To: Nadine Carroll who wrote (38)12/6/2003 1:06:01 PM
From: Eashoa' M'sheekha  Read Replies (2) | Respond to of 190
 
Meant only for the Jewish majority?

By Yuli Tamir

If you wish to know something about a given text,
French philosopher Michel Foucault taught us,
check what is not in it: From that which is left
out, or pushed to its margins, you can learn about
the main thing.

In anticipation of November
29, the Education Ministry
published a small booklet,
consisting of 100 basic
concepts divided into three
categories: heritage, Zionism
and democracy. A quick
scrutiny of the contents will
find that the booklet makes
no mention of Arabs, Bedouin,
Druze, Circassians, Christians or any other
minority living in Israel.

Indeed, next to the term "minorities" in the
index there is a promising reference - "see
minority rights." But a look at the three
places referred to shows a brief discussion of
checks and balances in the democratic system,
intended to "prevent the creation of a
dictatorship and trampling the rights of the
minority by the majority;" a discussion of
democracy as a regime based on "the minority's
recognizing the rule of the majority" and a
discussion of separation of powers that
mentions again the importance of protecting
human rights, especially "of those in the
minority."

Who is this hidden minority, that is not
mentioned at all in the booklet? The reader can
only assume that it refers to people whose
position is in the minority, because this
minority can, according to the booklet, "turn
into a majority at any time." Surely the
education minister did not mean to imply that
this is the Arab minority in Israel. A fifth -
20 percent - of the citizens of Israel are
missing, therefore, from the booklet
distributed by the Education Ministry to the
citizens of Israel. They have no name, no
voice, no mention or picture in the gamut of
basic concepts of the state in which they
live.

As far as the Education Ministry is concerned,
they are invisible, not there. None of them is
important enough to turn into a basic concept.
None of them is worthy of mention, even in a
derogatory way; the booklet simply erased
Israel's Arab citizens completely. Only in the
context of the wars of Israel is the actual
word "Arab" used. Thus every child will know
that an Arab is not a partner, a citizen, or
part of democratic society, but an enemy.

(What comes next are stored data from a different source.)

lemma integral_sin_rho_t_combination_le:
  assumes "finite K" "K \<subseteq> {p+1..}"
  shows "integral {0..pi} (\<lambda>t. (cmod (\<Sum>k\<in>K. c k * sin (of_real (rho_t p k * t))))^2)
           \<le> pi * (\<Sum>k\<in>K. (cmod (c k))^2)"
proof -
  have "inj_on (\<lambda>k. k - (p + 1)) K" using assms(2) by (intro inj_on_diff_nat) auto
  then show ?thesis
    using sin_family.integral_norm_combination_sq_le[OF assms(1), of "\<lambda>k. k - (p + 1)" c]
    by (simp add: rho_t_def flip: sin_of_real)
qed

lemma sum_sq_model_rows_le:
  fixes G :: "real \<Rightarrow> complex"
  assumes "0 \<le> x" "x \<le> pi" "continuous_on {0..x} G"
  shows "(\<Sum>n\<in>{1..M}. (cmod (integral {0..x} (\<lambda>t. cos (of_real (rho_t p n * t)) * G t)))^2)
           \<le> (real p + 2) * (pi * integral {0..x} (\<lambda>t. (cmod (G t))^2))"
proof -
  define g where "g m = (cmod (integral {0..x} (\<lambda>t. of_real (cos (real m * t)) * G t)))^2" for m
  have "(\<Sum>n\<in>{1..M}. (cmod (integral {0..x} (\<lambda>t. cos (of_real (rho_t p n * t)) * G t)))^2)
      = (\<Sum>n\<in>{1..M}. g (n - (p + 1)))"
    by (simp add: g_def rho_t_def flip: cos_of_real)
  also have "\<dots> \<le> (real p + 2) * (\<Sum>m\<in>{0..M}. g m)"
    by (rule sum_shifted_index_le) (simp add: g_def)
  also have "\<dots> \<le> (real p + 2) * (pi * integral {0..x} (\<lambda>t. (cmod (G t))^2))"
    unfolding g_def using cos_family.bessel_inequality_complex[OF assms, of "{0..M}"]
    by (intro mult_left_mono) auto
  finally show ?thesis .
qed

section \<open>Estimates on the ball\<close>

definition cos_growth :: "real \<Rightarrow> real" where
  "cos_growth \<Omega> = exp (\<Omega> * pi)"

definition alpha_bound :: "real \<Rightarrow> real" where
  "alpha_bound \<Omega> = 2 / pi + \<Omega>"

definition row_const :: "nat \<Rightarrow> real \<Rightarrow> real" where
  "row_const p \<Omega> = 2 * (real p + 2) * pi + 8 * (cos_growth \<Omega>)^2 * pi^3 * \<Omega>^2"

lemma row_const_nonneg [simp]: "0 \<le> row_const p \<Omega>"
  by (simp add: row_const_def)

lemma cos_growth_pos: "0 < cos_growth \<Omega>"
  by (simp add: cos_growth_def)

lemmas cos_growth_nonneg [simp] = less_imp_le[OF cos_growth_pos]

locale in_ball =
  fixes p :: nat and \<Omega> :: real and lam al :: "nat \<Rightarrow> complex"
  assumes Omega_pos: "0 < \<Omega>" and in_B: "in_B p \<Omega> lam al"
begin

lemma alpha_bound_pos: "0 < alpha_bound \<Omega>"
  using Omega_pos by (simp add: alpha_bound_def add_pos_pos)

lemmas alpha_bound_nonneg [simp] = less_imp_le[OF alpha_bound_pos]

lemma xi_nonneg [simp]: "0 \<le> xi p lam al k"
  unfolding xi_def by simp

lemma norm_rho_hat_le_xi: "cmod (rho_hat p lam k) \<le> xi p lam al k"
  unfolding xi_def rho_hat_def by simp

lemma norm_al_diff_le_xi: "cmod (al k - of_real (alpha_t p k)) \<le> xi p lam al k"
  unfolding xi_def by simp

lemma summable_xi_sq: "summable (\<lambda>k. (xi p lam al (Suc k))\<^sup>2)"
  using in_B unfolding in_B_def by auto

lemma sum_xi_sq_le:
  assumes "finite K" "K \<subseteq> {1..}"
  shows "(\<Sum>k\<in>K. (xi p lam al k)^2) \<le> \<Omega>^2"
proof -
  have "sqrt (\<Sum>n. (xi p lam al (Suc n))\<^sup>2) \<le> \<Omega>"
    using in_B unfolding in_B_def by auto
  then have total: "(\<Sum>n. (xi p lam al (Suc n))\<^sup>2) \<le> \<Omega>^2"
    by (rule sqrt_le_D)
  have "(\<Sum>k\<in>K. (xi p lam al k)^2) = (\<Sum>k\<in>(\<lambda>k. k - 1) ` K. (xi p lam al (Suc k))^2)"
    by (rule sum.reindex_bij_witness[of _ Suc "\<lambda>k. k - 1"]) (use assms(2) in auto)
  also have "\<dots> \<le> (\<Sum>n. (xi p lam al (Suc n))\<^sup>2)"
    by (rule sum_le_suminf[OF summable_xi_sq]) (auto simp: assms(1))
  finally show ?thesis using total by linarith
qed

lemma xi_le: "1 \<le> k \<Longrightarrow> xi p lam al k \<le> \<Omega>"
  using sum_xi_sq_le[of "{k}"] Omega_pos by (auto intro: power2_le_imp_le)

lemma norm_al_le:
  assumes "1 \<le> k"
  shows "cmod (al k) \<le> alpha_bound \<Omega>"
proof -
  have "cmod (al k) \<le> cmod (of_real (alpha_t p k) :: complex) + cmod (al k - of_real (alpha_t p k))"
    by (rule norm_triangle_sub)
  also have "\<dots> \<le> 2 / pi + \<Omega>"
    using abs_alpha_t_le[of p k] norm_al_diff_le_xi[of k] xi_le[OF assms] by (intro add_mono) auto
  finally show ?thesis unfolding alpha_bound_def .
qed

lemma norm_rho_hat_mult_le:
  assumes "t \<in> {0..pi}"
  shows "cmod (rho_hat p lam k * of_real t) \<le> xi p lam al k * pi"
proof -
  have "cmod (of_real t :: complex) \<le> pi" using assms by simp
  then show ?thesis unfolding norm_mult by (rule mult_mono[OF norm_rho_hat_le_xi]) auto
qed

lemma abs_Im_rho_hat_mult_le:
  assumes "t \<in> {0..pi}" "1 \<le> k"
  shows "\<bar>Im (rho_hat p lam k * of_real t)\<bar> \<le> \<Omega> * pi"
proof -
  have "\<bar>Im (rho_hat p lam k * of_real t)\<bar> \<le> xi p lam al k * pi"
    using abs_Im_le_cmod norm_rho_hat_mult_le[OF assms(1)] by (rule order_trans)
  also have "\<dots> \<le> \<Omega> * pi" using xi_le[OF assms(2)] by simp
  finally show ?thesis .
qed

lemma rho_mult_eq: "rho lam k * of_real t = of_real (rho_t p k * t) + rho_hat p lam k * of_real t"
  unfolding rho_hat_def by (simp add: algebra_simps)

lemma norm_cos_rho_le:
  assumes "t \<in> {0..pi}" "1 \<le> k"
  shows "cmod (cos (rho lam k * of_real t)) \<le> cos_growth \<Omega>"
proof -
  have "\<bar>Im (rho lam k * of_real t)\<bar> = \<bar>Im (rho_hat p lam k * of_real t)\<bar>"
    by (simp add: rho_hat_def)
  then have "exp \<bar>Im (rho lam k * of_real t)\<bar> \<le> cos_growth \<Omega>"
    using abs_Im_rho_hat_mult_le[OF assms] unfolding cos_growth_def by simp
  with norm_cos_le_exp_abs_Im show ?thesis by (rule order_trans)
qed

lemma norm_cos_rho_sub_le:
  assumes "t \<in> {0..pi}" "1 \<le> k"
  shows "cmod (cos (rho lam k * of_real t) - cos (of_real (rho_t p k * t)))
           \<le> 2 * cos_growth \<Omega> * pi * xi p lam al k"
proof -
  have "cmod (cos (rho lam k * of_real t) - cos (of_real (rho_t p k * t)))
     \<le> 2 * cos_growth \<Omega> * cmod (rho_hat p lam k * of_real t)"
    unfolding rho_mult_eq cos_growth_def
    by (rule norm_cos_add_sub_le[OF abs_Im_rho_hat_mult_le[OF assms]])
  also have "\<dots> \<le> 2 * cos_growth \<Omega> * (xi p lam al k * pi)"
    using norm_rho_hat_mult_le[OF assms(1)] by (intro mult_left_mono) auto
  finally show ?thesis by (simp add: mult_ac)
qed

lemma norm_cos_rho_sub_taylor_le:
  assumes "t \<in> {0..pi}" "1 \<le> k"
  shows "cmod (cos (rho lam k * of_real t) - cos (of_real (rho_t p k * t))
                + rho_hat p lam k * of_real t * sin (of_real (rho_t p k * t)))
           \<le> 2 * cos_growth \<Omega> * pi^2 * (xi p lam al k)^2"
proof -
  have "cmod (cos (rho lam k * of_real t) - cos (of_real (rho_t p k * t))
                + rho_hat p lam k * of_real t * sin (of_real (rho_t p k * t)))
     \<le> 2 * cos_growth \<Omega> * cmod (rho_hat p lam k * of_real t) ^ 2"
    unfolding rho_mult_eq cos_growth_def
    by (rule norm_cos_add_sub_taylor_le[OF abs_Im_rho_hat_mult_le[OF assms]])
  also have "\<dots> \<le> 2 * cos_growth \<Omega> * (xi p lam al k * pi) ^ 2"
    using norm_rho_hat_mult_le[OF assms(1)] by (intro mult_left_mono power_mono) auto
  finally show ?thesis by (simp add: mult_ac power_mult_distrib)
qed

lemma norm_row_diff_sq_le:
  fixes G :: "real \<Rightarrow> complex"
  assumes x: "0 \<le> x" "x \<le> pi" and G: "continuous_on {0..x} G" and n: "1 \<le> n"
  shows "(cmod (integral {0..x} (\<lambda>t. cos (rho lam n * of_real t) * G t)
                 - integral {0..x} (\<lambda>t. cos (of_real (rho_t p n * t)) * G t)))^2
           \<le> 4 * (cos_growth \<Omega>)^2 * pi^3 * (xi p lam al n)^2 * integral {0..x} (\<lambda>t. (cmod (G t))^2)"
proof -
  define c where "c = 2 * cos_growth \<Omega> * pi * xi p lam al n"
  have c: "0 \<le> c" by (simp add: c_def cos_growth_def)
  have "integral {0..x} (\<lambda>t. cos (rho lam n * of_real t) * G t)
          - integral {0..x} (\<lambda>t. cos (of_real (rho_t p n * t)) * G t)
      = integral {0..x} (\<lambda>t. (cos (rho lam n * of_real t) - cos (of_real (rho_t p n * t))) * G t)"
    by (subst integral_diff[symmetric])
      (auto intro!: integrable_continuous_interval continuous_intros G simp: algebra_simps)
  also have "cmod \<dots> \<le> integral {0..x} (\<lambda>t. c * cmod (G t))"
  proof (rule integral_norm_bound_integral)
    fix t assume "t \<in> {0..x}"
    then have "cmod (cos (rho lam n * of_real t) - cos (of_real (rho_t p n * t))) \<le> c"
      unfolding c_def using x n by (intro norm_cos_rho_sub_le) auto
    then show "cmod ((cos (rho lam n * of_real t) - cos (of_real (rho_t p n * t))) * G t)
        \<le> c * cmod (G t)"
      unfolding norm_mult by (intro mult_right_mono) auto
  qed (auto intro!: integrable_continuous_interval continuous_intros G)
  also have "\<dots> = c * integral {0..x} (\<lambda>t. cmod (G t))" by simp
  finally have "(cmod (integral {0..x} (\<lambda>t. cos (rho lam n * of_real t) * G t)
                 - integral {0..x} (\<lambda>t. cos (of_real (rho_t p n * t)) * G t)))^2
      \<le> c^2 * (integral {0..x} (\<lambda>t. cmod (G t)))^2"
    using c by (subst power_mult_distrib[symmetric]) (intro power_mono; simp)
  also have "\<dots> \<le> c^2 * (pi * integral {0..x} (\<lambda>t. (cmod (G t))^2))"
    using integral_abs_sq_le[OF x, of "\<lambda>t. cmod (G t)"]
    by (intro mult_left_mono) (auto intro!: continuous_intros G)
  finally show ?thesis by (simp add: c_def power_mult_distrib power2_eq_square power3_eq_cube mult_ac)
qed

The Arabs are invisible not only as members of a
national minority but also as a religious one.
Islam and Christianity are not mentioned at
all. The innocent reader might think Israel is
sacred and central to Judaism only - the Mosque
of Omar and the Church of the Holy Sepulcher
have disappeared. The description of
Jerusalem's history skips lightly from the days
of the First and Second Temples to the War of
Independence. In between nobody visited "the
empty city square." This is an infuriating
parallel to Yasser Arafat's foolish declaration
that the Jews have no historical ties with
Jerusalem.

Only when they describe the Golden Age of
Spanish Jewry did the writers in a moment of
weakness mention Islam. Then, says the booklet,
when the Jews of Spain lived under Muslim rule
"many Jews reached high positions in the
regime's service ... their economic situation
was good and they were free to develop their
culture in every way."

Such a golden age is not visiting the state of
Israel right now, since its non-Jewish citizens
do not appear even in a booklet released by its
own Education Ministry.

The Christians and Muslims may console
themselves with the fact that the Progressive
Judaism movement or secularity are not
mentioned either. Judaism is all religion and
commandments. Hevra Kadisha is in charge of
burials, and the only ones persecuted are the
ultra-Orthodox, whose picture decorates the
concept "human rights." The picture shows a
demonstration of ultra-Orthodox people, one of
whom is carrying a poster saying "no more
incitement."

Israel is defined in the booklet as a Jewish and
democratic state, by a peculiar, brief
explanation. Israel, it says, "accepts every
Jew wherever he is and respects the values of
Jewish culture and heritage." One may assume
the writers meant that every Jew may immigrate
to Israel and become a citizen on the day of
his arrival. Israel does not merely "respect"
the values of Jewish culture and heritage, but
gives them an official status. The definition
notes that tension exists between the state's
two characteristices - the Jewish and the
democratic - and what is the best example of
that? "Closing down businesses that sell hametz
(leavened bread) on Passover."

Wiping out Israel's Arab and Christian citizens,
the disappearance of the progressive streams of
Judaism and the failure to mention women - not
even one found her place among the 100 basic
concepts and only the picture of Isabella,
Queen of Spain, reminds us that women can have
some sort of social status - left the only
friction between Judaism and democracy in the
realm of hametz.

Before the next survey appears about the failure
of education, the Education Ministry should be
informed, even today, about one basic truth.
Ignorance is an acquired quality and is not
difficult to cultivate. The booklet distributed
last weekend should be buried and replaced by a
worthier, more democratic one.

And if they do write and print a new one, here
is a personal request: Would the Education
Ministry please finance the booklet itself
without advertisements? Thus no one will make
the mistake of thinking that Bezeq, Yedioth
Ahronoth or the Wow Internet service are part
of the State of Israel's 100 basic concepts.